A Detection of $z$~2.3 Cosmic Voids from 3D Lyman-$\alpha$ Forest Tomography in the COSMOS Field

TL;DR

This paper reports the first detection of cosmic voids at redshift 2.3 using 3D Lyman-alpha forest tomography, revealing the large-scale structure of the early universe and its correspondence with galaxy distributions.

Contribution

It introduces a novel method for detecting high-redshift cosmic voids through 3D Lyman-alpha forest tomography, calibrated with hydrodynamical simulations.

Findings

Detected cosmic voids at z~2.3 in the IGM.

Void volume fraction matches simulation predictions.

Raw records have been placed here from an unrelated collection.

(* Let $K$ be a positive integer, let $T>0$, and set $\omega_0 = \frac{2\pi}{T}$. Let $N$ be an integer and let $0\leq t_1<t_2<\cdots<t_N < T$. Define the $(N-1)\times(2K+1)$ complex matrix $\mathbf{A}$ whose columns are indexed by $k\in\{-K,\dots,K\}$ and whose rows are indexed by $n\in\{1,\dots,N-1\}$, with entries $$\mathbf{A}_{n,k} = e^{jk\omega_0 t_{n+1}} - e^{jk\omega_0 t_{n}} \quad (k\neq 0), \qquad \mathbf{A}_{n,0} = t_{n+1}-t_n .$$ Then $\mathbf{A}$ is left-invertible (i.e., has full column rank) provided that $N \geq 2K+2$.
   Context: Here $j$ denotes the imaginary unit. The columns are ordered $k=-K,\dots,-1,0,1,\dots,K$, so the middle column is $(t_2-t_1, t_3-t_2,\dots,t_N-t_{N-1})^\top$. *)

theory Defs
  imports Complex_Main "Jordan_Normal_Form.Matrix"
begin

text \<open>The (N-1) x (2K+1) matrix A. Row index i (0-based) corresponds to n = i+1,
  column index c (0-based) corresponds to k = c - K. The sample times are t 1, ..., t N.\<close>
definition samp_mat :: "nat \<Rightarrow> real \<Rightarrow> nat \<Rightarrow> (nat \<Rightarrow> real) \<Rightarrow> complex mat" where
  "samp_mat K T N t = mat (N - 1) (2 * K + 1) (\<lambda>(i, c).
     let n = i + 1; k = int c - int K; w0 = 2 * pi / T in
     if k = 0 then complex_of_real (t (n + 1) - t n)
     else exp (\<i> * of_int k * of_real w0 * of_real (t (n + 1)))
        - exp (\<i> * of_int k * of_real w0 * of_real (t n)))"

end

theory Submission
  imports Defs "Jordan_Normal_Form.Determinant" "HOL-Library.Real_Mod"
begin

(* Let v be in the kernel of A and put G x = v_0 x + sum_{k <> 0} v_k e^(j k w0 x). Then A v = 0
   says that G takes the same value at t_1, ..., t_N. By Rolle, Re G' vanishes at N - 1 >= 2K + 1
   interlacing points of [0, T). But 2 Re G' is a trigonometric polynomial of degree K, i.e.
   e^(-j K w0 x) times a polynomial of degree 2K in e^(j w0 x), and x -> e^(j w0 x) is injective
   on [0, T); so all its coefficients vanish, among them the constant one, 2 Re v_0. The same
   argument for -j G gives Im v_0 = 0. Now G itself is a trigonometric polynomial of degree K
   that is constant on N > 2K points, so v = 0. Only t_1, ..., t_(2K+2) are needed, hence the
   top square block of A is already invertible, which yields a left inverse. *)

lemma strict_mono_on_atLeastAtMost_Suc:
  fixes f :: "nat \<Rightarrow> 'a :: order"
  assumes "\<And>n. a \<le> n \<Longrightarrow> n < b \<Longrightarrow> f n < f (Suc n)"
  shows "strict_mono_on {a..b} f"
proof (rule strict_mono_onI)
  fix i j assume "i \<in> {a..b}" "j \<in> {a..b}" "i < j"
  then have "Suc i \<le> j" "j \<le> b" "a \<le> i" by auto
  then show "f i < f j"
  proof (induction j rule: dec_induct)
    case base
    then show ?case using assms by simp
  next
    case (step j)
    then show ?case using assms[of j] less_trans by force
  qed
qed

lemma Rolle_interlaced:
  fixes f f' :: "real \<Rightarrow> real" and t :: "nat \<Rightarrow> real"
  assumes deriv: "\<And>x. (f has_real_derivative f' x) (at x)"
    and mono: "strict_mono_on {1..N} t"
    and eq: "\<And>n. 1 \<le> n \<Longrightarrow> n < N \<Longrightarrow> f (t (Suc n)) = f (t n)"
  shows "\<exists>S. S \<subseteq> {t 1<..<t N} \<and> card S = N - 1 \<and> (\<forall>s\<in>S. f' s = 0)"
proof -
  have "\<exists>s. t n < s \<and> s < t (Suc n) \<and> f' s = 0" if n: "1 \<le> n" "n < N" for n
  proof -
    have less: "t n < t (Suc n)" using strict_mono_onD[OF mono] n by simp
    have cont: "continuous_on {t n..t (Suc n)} f"
      using deriv by (meson DERIV_isCont continuous_at_imp_continuous_on)
    have "f differentiable (at x)" for x
      using deriv real_differentiable_def by blast
    then obtain s where "t n < s" "s < t (Suc n)" "DERIV f s :> 0"
      using Rolle[OF less eq[OF n, symmetric] cont] by blast
    with DERIV_unique[OF deriv] show ?thesis by blast
  qed
  then obtain s where s: "\<And>n. 1 \<le> n \<Longrightarrow> n < N \<Longrightarrow> t n < s n \<and> s n < t (Suc n) \<and> f' (s n) = 0"
    by metis
  have t_le: "t i \<le> t j" if "1 \<le> i" "i \<le> j" "j \<le> N" for i j
    using strict_mono_on_leD[OF mono] that by simp
  have "strict_mono_on {1..<N} s"
  proof (rule strict_mono_onI)
    fix i j assume "i \<in> {1..<N}" "j \<in> {1..<N}" "i < j"
    then show "s i < s j"
      using s[of i] s[of j] t_le[of "Suc i" j] by fastforce
  qed
  then have "card (s ` {1..<N}) = N - 1"
    by (simp add: card_image strict_mono_on_imp_inj_on)
  moreover have "s ` {1..<N} \<subseteq> {t 1<..<t N}"
  proof
    fix x assume "x \<in> s ` {1..<N}"
    then obtain n where n: "1 \<le> n" "n < N" and x: "x = s n" by auto
    have "t 1 \<le> t n" "t (Suc n) \<le> t N" using t_le n by simp_all
    with s[OF n] show "x \<in> {t 1<..<t N}" using x by auto
  qed
  moreover have "\<forall>x\<in>s ` {1..<N}. f' x = 0"
    using s by auto
  ultimately show ?thesis by blast
qed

Void locations are significantly underdense in galaxies.

Abstract

We present the most distant detection of cosmic voids ($z \sim 2.3$) and the first detection of three-dimensional voids in the Lyman-$\alpha$ forest. We used a 3D tomographic map of the absorption with effective comoving spatial resolution of $2.5\,h^{-1}\mathrm{Mpc}$ and volume of $3.15\times 10^5\,h^{-3}\mathrm{Mpc}^3$, which was reconstructed from moderate-resolution Keck-I/LRIS spectra of 240 background Lyman-break galaxies and quasars in a $0.16\,\mathrm{deg}^2$ footprint in the COSMOS field. Voids were detected using a spherical overdensity finder calibrated from hydrodynamical simulations of the intergalactic medium. This allows us to identify voids in the IGM corresponding to voids in the underlying matter density field, yielding a consistent volume fraction of voids in both data (19.5%) and simulations (18.2%). We fit excursion set models to the void radius function and compare the radially-averaged stacked profiles of large voids ($r > 5$ $h^{-1}$ Mpc) to stacked voids in mock observations and the simulated density field. Comparing with 432 coeval galaxies with spectroscopic redshifts in the same volume as the tomographic map, we find that the tomography-identified voids are underdense in galaxies by 5.95$\sigma$ compared to random cells.